Stored items:
lemma Min_centered_weights_bounds:
  fixes w x :: "'i \<Rightarrow> real"
  assumes J: "finite J" "J \<noteq> {}" and w: "\<And>j. j \<in> J \<Longrightarrow> 0 \<le> w j \<and> w j \<le> c / card J"
    and x: "\<And>i. i \<in> J \<Longrightarrow> x i = card J * w i - (\<Sum>j\<in>J. w j)"
  shows "- c \<le> Min (x ` J)" and "Min (x ` J) \<le> 0" and "\<And>i. i \<in> J \<Longrightarrow> x i - Min (x ` J) \<le> c"
proof -
  have "Min (x ` J) \<in> x ` J" using J by (intro Min_in) auto
  then obtain i0 where i0: "i0 \<in> J" "Min (x ` J) = x i0" by auto
  have card: "real (card J) > 0" using J by (simp add: card_gt_0_iff)
  have "(\<Sum>j\<in>J. w j) \<le> card J * (c / card J)"
    using w sum_bounded_above[of J w "c / card J"] by auto
  then have "(\<Sum>j\<in>J. w j) \<le> c" using card by simp
  moreover have "0 \<le> card J * w i0" using w[OF i0(1)] by simp
  ultimately show "- c \<le> Min (x ` J)" using i0 x by simp
  have "sum x J = (\<Sum>i\<in>J. card J * w i - (\<Sum>j\<in>J. w j))" using x by simp
  then have "sum x J = 0" by (simp add: sum_subtractf sum_distrib_left[symmetric])
  moreover have "card J * Min (x ` J) \<le> sum x J"
    using J sum_bounded_below[of J "Min (x ` J)" x] by simp
  ultimately show "Min (x ` J) \<le> 0" using card by (simp add: mult_le_0_iff)
  fix i assume "i \<in> J"
  have "x i - Min (x ` J) = card J * (w i - w i0)"
    unfolding i0(2) using x[OF i0(1)] x[OF \<open>i \<in> J\<close>] by (simp add: algebra_simps)
  also have "\<dots> \<le> card J * (c / card J)"
    using w[OF \<open>i \<in> J\<close>] w[OF i0(1)] card by (intro mult_left_mono) auto
  finally show "x i - Min (x ` J) \<le> c" using card by simp
qed

lemma continuous_on_Min:
  fixes f :: "'i \<Rightarrow> 'a::topological_space \<Rightarrow> 'b::linorder_topology"
  assumes "finite I" "I \<noteq> {}" "\<And>i. i \<in> I \<Longrightarrow> continuous_on S (f i)"
  shows "continuous_on S (\<lambda>x. Min ((\<lambda>i. f i x) ` I))"
  using assms
proof (induction I rule: finite_ne_induct)
  case (insert i I)
  then have "continuous_on S (\<lambda>x. min (f i x) (Min ((\<lambda>i. f i x) ` I)))"
    by (intro continuous_on_min) auto
  with insert show ?case by simp
qed simp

◆ **WORK ITEM**: Could you copy exactly the lines from the one containing "I \<Longrightarrow> continuous_on" through the end of the records above, and nothing more?

◆ **SOLUTION FOR THIS PROBLEM**:
  assumes "finite I" "I \<noteq> {}" "\<And>i. i \<in> I \<Longrightarrow> continuous_on S (f i)"
  shows "continuous_on S (\<lambda>x. Min ((\<lambda>i. f i x) ` I))"
  using assms
proof (induction I rule: finite_ne_induct)
  case (insert i I)
  then have "continuous_on S (\<lambda>x. min (f i x) (Min ((\<lambda>i. f i x) ` I)))"
    by (intro continuous_on_min) auto
  with insert show ?case by simp
qed simp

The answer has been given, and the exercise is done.